--- GIVEN DATA Enclosed Below ---

lemma sum_lists_length_Suc:
  "(\<Sum>ws | length ws = Suc n \<and> set ws \<subseteq> A. h ws) =
     (\<Sum>x\<in>A. \<Sum>ws | length ws = n \<and> set ws \<subseteq> A. h (x # ws))"
proof -
  have "{ws. length ws = Suc n \<and> set ws \<subseteq> A} =
      (\<lambda>(ws, x). x # ws) ` ({ws. length ws = n \<and> set ws \<subseteq> A} \<times> A)"
    using lists_length_Suc_eq[of A n] by (simp add: conj_commute)
  moreover have "inj_on (\<lambda>(ws, x). x # ws) ({ws. length ws = n \<and> set ws \<subseteq> A} \<times> A)"
    by (auto simp: inj_on_def)
  ultimately have "(\<Sum>ws | length ws = Suc n \<and> set ws \<subseteq> A. h ws) =
      (\<Sum>ws | length ws = n \<and> set ws \<subseteq> A. \<Sum>x\<in>A. h (x # ws))"
    by (simp add: sum.reindex sum.cartesian_product prod.case_distrib)
  then show ?thesis
    by (rule trans) (rule sum.swap)
qed

lemma sum_lists_length_2:
  "(\<Sum>ws | length ws = 2 \<and> set ws \<subseteq> A. h ws) = (\<Sum>x\<in>A. \<Sum>y\<in>A. h [x, y])"
proof -
  have "{ws. ws = [] \<and> set ws \<subseteq> A} = {[]}" by auto
  then show ?thesis by (simp add: numeral_2_eq_2 sum_lists_length_Suc)
qed

lemma sum_lists_length_3:
  "(\<Sum>ws | length ws = 3 \<and> set ws \<subseteq> A. h ws) = (\<Sum>x\<in>A. \<Sum>y\<in>A. \<Sum>z\<in>A. h [x, y, z])"
proof -
  have "{ws. ws = [] \<and> set ws \<subseteq> A} = {[]}" by auto
  then show ?thesis by (simp add: numeral_3_eq_3 sum_lists_length_Suc)
qed

lemma sum_id_transpose: "a \<noteq> b \<Longrightarrow> (\<Sum>\<sigma>\<in>{id, transpose a b}. h \<sigma>) = h id + h (transpose a b)"
proof -
  assume "a \<noteq> b"
  then have "id \<noteq> transpose a b" by (metis transpose_eq_id_iff)
  then show ?thesis by simp
qed

lemma permutes_lessThan_2: "{\<sigma>. \<sigma> permutes {..<2::nat}} = {id, transpose 0 1}"
proof -
  have "{..<2::nat} = {0, 1}" by auto
  then show ?thesis by (auto simp: permutes_doubleton_iff)
qed

section \<open>Shuffle braces and the operations in low arity\<close>

lemma pm_0 [simp]: "pm 0 = 1" and pm_1 [simp]: "pm 1 = -1"
  by (simp_all add: pm_def)

lemma eps_id: "eps id ds = 1"
proof -
  have "{(s, t). s < t \<and> t < length ds \<and> id t < id s} = {}" by auto
  then show ?thesis by (simp only: eps_def) simp
qed

lemma eps_transpose_0_1: "eps (transpose 0 1) [a, b] = pm (b * a)"
proof -
  have "{(s, t). s < t \<and> t < length [a, b] \<and> transpose (0::nat) 1 t < transpose 0 1 s} = {(0, 1)}"
    by (auto simp: transpose_def)
  then show ?thesis by (simp add: eps_def)
qed

lemma lmap_Lie_Lie: "lmap scale [Lie m f, Lie n g] = (case rn scale (m, f) (n, g) of (N, h) \<Rightarrow> Lie N h)"
  by (simp add: lmap_def upt_rec)

context vector_space
begin

lemma scale_2: "2 *s x = x + x"
  using scale_left_distrib[of 1 1 x] by simp

lemma scale_3: "3 *s x = x + (x + x)"
  using scale_left_distrib[of 1 2 x] by (simp add: scale_2)

lemma brace_binary_binary:
  "brace scale (2, f) [(2, g)] = (3, \<lambda>vs. if length vs = 3 then
     f [g [vs!0, vs!1], vs!2] - f [g [vs!0, vs!2], vs!1] - f [vs!0, g [vs!1, vs!2]] else 0)"
  by (simp add: brace_def Let_def nat_lists_length_2_sum_1[unfolded numeral_2_eq_2 One_nat_def]
      shuffles_2_1[unfolded One_nat_def] shuffles_1_2[unfolded One_nat_def] sign_swap_id
      sum_id_transpose transpose_def fun_eq_iff)
    (simp add: numeral_2_eq_2)

lemma brace_binary_unary:
  "brace scale (2, f) [(1, p)] = (2, \<lambda>vs. if length vs = 2 then f [p [vs!0], vs!1] + f [vs!0, p [vs!1]] else 0)"
  by (simp add: brace_def Let_def nat_lists_length_2_sum_1[unfolded numeral_2_eq_2 One_nat_def]
      shuffles_1_1[unfolded One_nat_def] fun_eq_iff)

lemma brace_binary_unary_unary:
  "brace scale (2, f) [(1, p), (1, q)] = (2, \<lambda>vs. if length vs = 2 then f [p [vs!0], q [vs!1]] else 0)"
  by (simp add: brace_def Let_def nat_lists_all_zero shuffles_1_1[unfolded One_nat_def] fun_eq_iff)

lemma brace_unary_binary:
  "brace scale (1, p) [(2, g)] = (2, \<lambda>vs. if length vs = 2 then p [g [vs!0, vs!1]] else 0)"
  by (simp add: brace_def Let_def nat_lists_all_zero shuffles_2 fun_eq_iff)

lemma brace_binary_Nil:
  "brace scale (2, f) [] = (2, \<lambda>vs. if length vs = 2 then f [vs!0, vs!1] else 0)"
  by (simp add: brace_def Let_def nat_lists_length_1_sum[unfolded One_nat_def] fun_eq_iff)
    (simp add: shuffles_1_1[unfolded One_nat_def] numeral_2_eq_2)

lemma rn_binary_self:
  "rn scale (2, f) (2, f) = (3, \<lambda>vs. if length vs = 3 then
     2 *s (f [f [vs!0, vs!1], vs!2] - f [f [vs!0, vs!2], vs!1] - f [vs!0, f [vs!1, vs!2]]) else 0)"
  by (simp add: rn_def brace_binary_binary fun_eq_iff scale_2)

lemma lbase_binary_unary_unary:
  "lbase scale (2, f) [(1, p), (1, p)] = NjO 2 (\<lambda>vs. if length vs = 2 then
     (-2) *s (f [p [vs!0], p [vs!1]] - p [f [p [vs!0], vs!1] + f [vs!0, p [vs!1]]] + p [p [f [vs!0, vs!1]]])
     else 0)"
  by (simp add: lbase_def Let_def permutes_lessThan_2[unfolded numeral_2_eq_2] sum_id_transpose
        chi_def eps_id eps_transpose_0_1[unfolded One_nat_def] sign_swap_id pm_def scale_2 fun_eq_iff
        brace_binary_unary_unary[unfolded One_nat_def] brace_binary_unary[unfolded One_nat_def]
        brace_unary_binary[unfolded One_nat_def] brace_binary_Nil)

lemma hscale_one: "hscale scale 1 x = x"
  by (cases x) simp_all

lemma lmap_one_Lie_two_NjO:
  "lmap scale [Lie 2 f, NjO 1 g, NjO 1 g] = lbase scale (2, f) [(1, g), (1, g)]"
  "lmap scale [NjO 1 g, Lie 2 f, NjO 1 g] = lbase scale (2, f) [(1, g), (1, g)]"
  "lmap scale [NjO 1 g, NjO 1 g, Lie 2 f] = lbase scale (2, f) [(1, g), (1, g)]"
  by (simp_all add: lmap_def upt_rec pm_def hscale_one)

lemma hval_lmap_length_2_eq_0:
  "hval b m vs (lmap scale [Lie 2 f, NjO 1 g]) = 0"
  "hval b m vs (lmap scale [NjO 1 g, Lie 2 f]) = 0"
  "hval b m vs (lmap scale [NjO 1 g, NjO 1 g]) = 0"
  by (simp_all add: lmap_def upt_rec lbase_def hzero_def)

lemma hval_lmap_length_3_eq_0:
  "hval b m vs (lmap scale [Lie 2 f, Lie 2 f, Lie 2 f]) = 0"
  "hval b m vs (lmap scale [Lie 2 f, Lie 2 f, NjO 1 g]) = 0"
  "hval b m vs (lmap scale [Lie 2 f, NjO 1 g, Lie 2 f]) = 0"
  "hval b m vs (lmap scale [NjO 1 g, Lie 2 f, Lie 2 f]) = 0"
  "hval b m vs (lmap scale [NjO 1 g, NjO 1 g, NjO 1 g]) = 0"
  by (simp_all add: lmap_def upt_rec hzero_def)

lemma hval_lmap_eq_0_if_length:
  assumes ws: "set ws \<subseteq> {Lie 2 f, NjO 1 g}" and len: "length ws \<notin> {2, 3}"
  shows "hval b m vs (lmap scale ws) = 0"
proof -
  define ps where "ps = filter (\<lambda>i. isLie (ws ! i)) [0..<length ws]"
  show ?thesis
  proof (cases "length ps = 1")
    case True
    then have "hd ps \<in> set ps" by (cases ps) auto
    then have k: "hd ps < length ws" "isLie (ws ! hd ps)"
      unfolding ps_def by auto
    moreover have "ws ! hd ps \<in> {Lie 2 f, NjO 1 g}"
      using ws k(1) by (meson nth_mem subsetD)
    ultimately have "ws ! hd ps = Lie 2 f"
      by auto
    moreover have "length (take (hd ps) ws @ drop (Suc (hd ps)) ws) \<noteq> 2"
      using k len by auto
    ultimately show ?thesis
      using len unfolding lmap_def Let_def ps_def[symmetric] by (simp add: lbase_def hzero_def)
  next
    case False
    then show ?thesis
      using len unfolding lmap_def Let_def ps_def[symmetric] by (auto simp: hzero_def)
  qed
qed

end

section \<open>The Maurer--Cartan series in degree -1\<close>

lemma mc_partial_truncation:
  fixes scale :: "'k::field_char_0 \<Rightarrow> 'v::ab_group_add \<Rightarrow> 'v"
    and \<alpha> :: "'v cnjl"
  assumes "vector_space scale" and "3 \<le> M"
  defines "f \<equiv> fst \<alpha> 2" and "g \<equiv> snd \<alpha> 1"
  shows "mc_partial scale \<alpha> M b m vs = scale (-1/2)
    (hval b m vs (lmap scale [Lie 2 f, Lie 2 f]) + hval b m vs (lbase scale (2, f) [(1, g), (1, g)]))"
proof -
  interpret vector_space scale by fact
  define t where "t n = scale (pm (int (n * (n - 1) div 2)) / fact n)
     (\<Sum>ws | length ws = n \<and> set ws \<subseteq> {Lie 2 f, NjO 1 g}. hval b m vs (lmap scale ws))" for n
  have t_vanish: "t n = 0" if "n \<notin> {2, 3}" for n
  proof -
    have "(\<Sum>ws | length ws = n \<and> set ws \<subseteq> {Lie 2 f, NjO 1 g}. hval b m vs (lmap scale ws)) = 0"
      using that by (intro sum.neutral ballI hval_lmap_eq_0_if_length) auto
    then show ?thesis by (simp add: t_def)
  qed
  have "mc_partial scale \<alpha> M b m vs = sum t {1..M}"
    by (simp add: mc_partial_def t_def hcomps_def f_def g_def)
  also have "\<dots> = sum t {2, 3}"
    using \<open>3 \<le> M\<close> t_vanish by (intro sum.mono_neutral_right) auto
  also have "\<dots> = t 2 + t 3"
    by simp
  also have "t 2 = scale (-1/2) (hval b m vs (lmap scale [Lie 2 f, Lie 2 f]))"
    by (simp add: t_def sum_lists_length_2 hval_lmap_length_2_eq_0 del: One_nat_def)
  also have "t 3 = scale (-1/2) (hval b m vs (lbase scale (2, f) [(1, g), (1, g)]))"
    \<comment> \<open>the coefficient is -1/6, and the three words with a single Lie 2 f contribute equally\<close>
    by (simp add: t_def sum_lists_length_3 hval_lmap_length_3_eq_0 lmap_one_Lie_two_NjO
        scale_3[symmetric] pm_def fact_numeral del: One_nat_def)
  finally show ?thesis
    by (simp add: scale_right_distrib)
qed

section \<open>Degree -1 elements and Nijenhuis Lie algebras\<close>

lemma length_2_nth_eq: "length xs = 2 \<Longrightarrow> [xs ! 0, xs ! 1] = xs"
  by (auto simp: length_Suc_conv numeral_2_eq_2)

lemma length_1_nth_eq: "length xs = 1 \<Longrightarrow> [xs ! 0] = xs"
  by (auto simp: length_Suc_conv)

definition jacobiator :: "('v::ab_group_add \<Rightarrow> 'v \<Rightarrow> 'v) \<Rightarrow> 'v \<Rightarrow> 'v \<Rightarrow> 'v \<Rightarrow> 'v" where
  "jacobiator \<mu> x y z = \<mu> x (\<mu> y z) + \<mu> y (\<mu> z x) + \<mu> z (\<mu> x y)"

definition nijenhuis_torsion :: "('v::ab_group_add \<Rightarrow> 'v \<Rightarrow> 'v) \<Rightarrow> ('v \<Rightarrow> 'v) \<Rightarrow> 'v \<Rightarrow> 'v \<Rightarrow> 'v" where
  "nijenhuis_torsion \<mu> P a b = \<mu> (P a) (P b) - P (\<mu> (P a) b + \<mu> a (P b) - P (\<mu> a b))"

definition skew_bilinear :: "('k::field \<Rightarrow> 'v::ab_group_add \<Rightarrow> 'v) \<Rightarrow> ('v \<Rightarrow> 'v \<Rightarrow> 'v) \<Rightarrow> bool" where
  "skew_bilinear scale \<mu> \<longleftrightarrow>
     (\<forall>x. Vector_Spaces.linear scale scale (\<mu> x)) \<and>
     (\<forall>y. Vector_Spaces.linear scale scale (\<lambda>x. \<mu> x y)) \<and>
     (\<forall>x y. \<mu> x y = - \<mu> y x)"

context vector_space
begin

lemma skew_bilinear_minus:
  assumes "skew_bilinear scale \<mu>"
  shows "\<mu> (- a) b = - \<mu> a b" and "\<mu> a (- b) = - \<mu> a b"
proof -
  interpret pair: vector_space_pair scale scale ..
  have "Vector_Spaces.linear scale scale (\<lambda>x. \<mu> x b)" "Vector_Spaces.linear scale scale (\<mu> a)"
    using assms unfolding skew_bilinear_def by blast+
  from pair.linear_neg[OF this(1)] pair.linear_neg[OF this(2)]
  show "\<mu> (- a) b = - \<mu> a b" and "\<mu> a (- b) = - \<mu> a b"
    by simp_all
qed

lemma linear_uminus_iff:
  "Vector_Spaces.linear scale scale (\<lambda>x. - h x) \<longleftrightarrow> Vector_Spaces.linear scale scale h"
proof -
  interpret pair: vector_space_pair scale scale ..
  show ?thesis
  proof
    assume "Vector_Spaces.linear scale scale (\<lambda>x. - h x)"
    from pair.linear_compose_neg[OF this] show "Vector_Spaces.linear scale scale h"
      by simp
  qed (rule pair.linear_compose_neg)
qed

lemma skew_bilinear_uminus: "skew_bilinear scale (\<lambda>x y. - \<mu> x y) \<longleftrightarrow> skew_bilinear scale \<mu>"
  unfolding skew_bilinear_def linear_uminus_iff by (metis minus_minus)

lemma gsym_multilinear_zero: "gsym_multilinear scale n (\<lambda>_. 0)"
proof -
  interpret pair: vector_space_pair scale scale ..
  show ?thesis
    by (simp add: gsym_multilinear_def pair.linear_zero)
qed

lemma gsym_multilinearI:
  assumes "\<And>vs. length vs \<noteq> n \<Longrightarrow> f vs = 0"
    and "\<And>vs i. length vs = n \<Longrightarrow> i < n \<Longrightarrow> Vector_Spaces.linear scale scale (\<lambda>x. f (vs[i := x]))"
    and "\<And>vs \<sigma>. length vs = n \<Longrightarrow> \<sigma> permutes {..<n} \<Longrightarrow>
      f vs = of_int (sign \<sigma>) *s f (permute_list \<sigma> vs)"
  shows "gsym_multilinear scale n f"
  unfolding gsym_multilinear_def
  by (intro conjI allI impI; (elim conjE)?; rule assms; assumption)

--- End of Enclosed GIVEN DATA ---

WHAT YOU ARE ASKED TO DO => Go through the entries above and say how many lines include the word "alpha". Give the number only.

OUTPUT OF THE EXERCISE => 4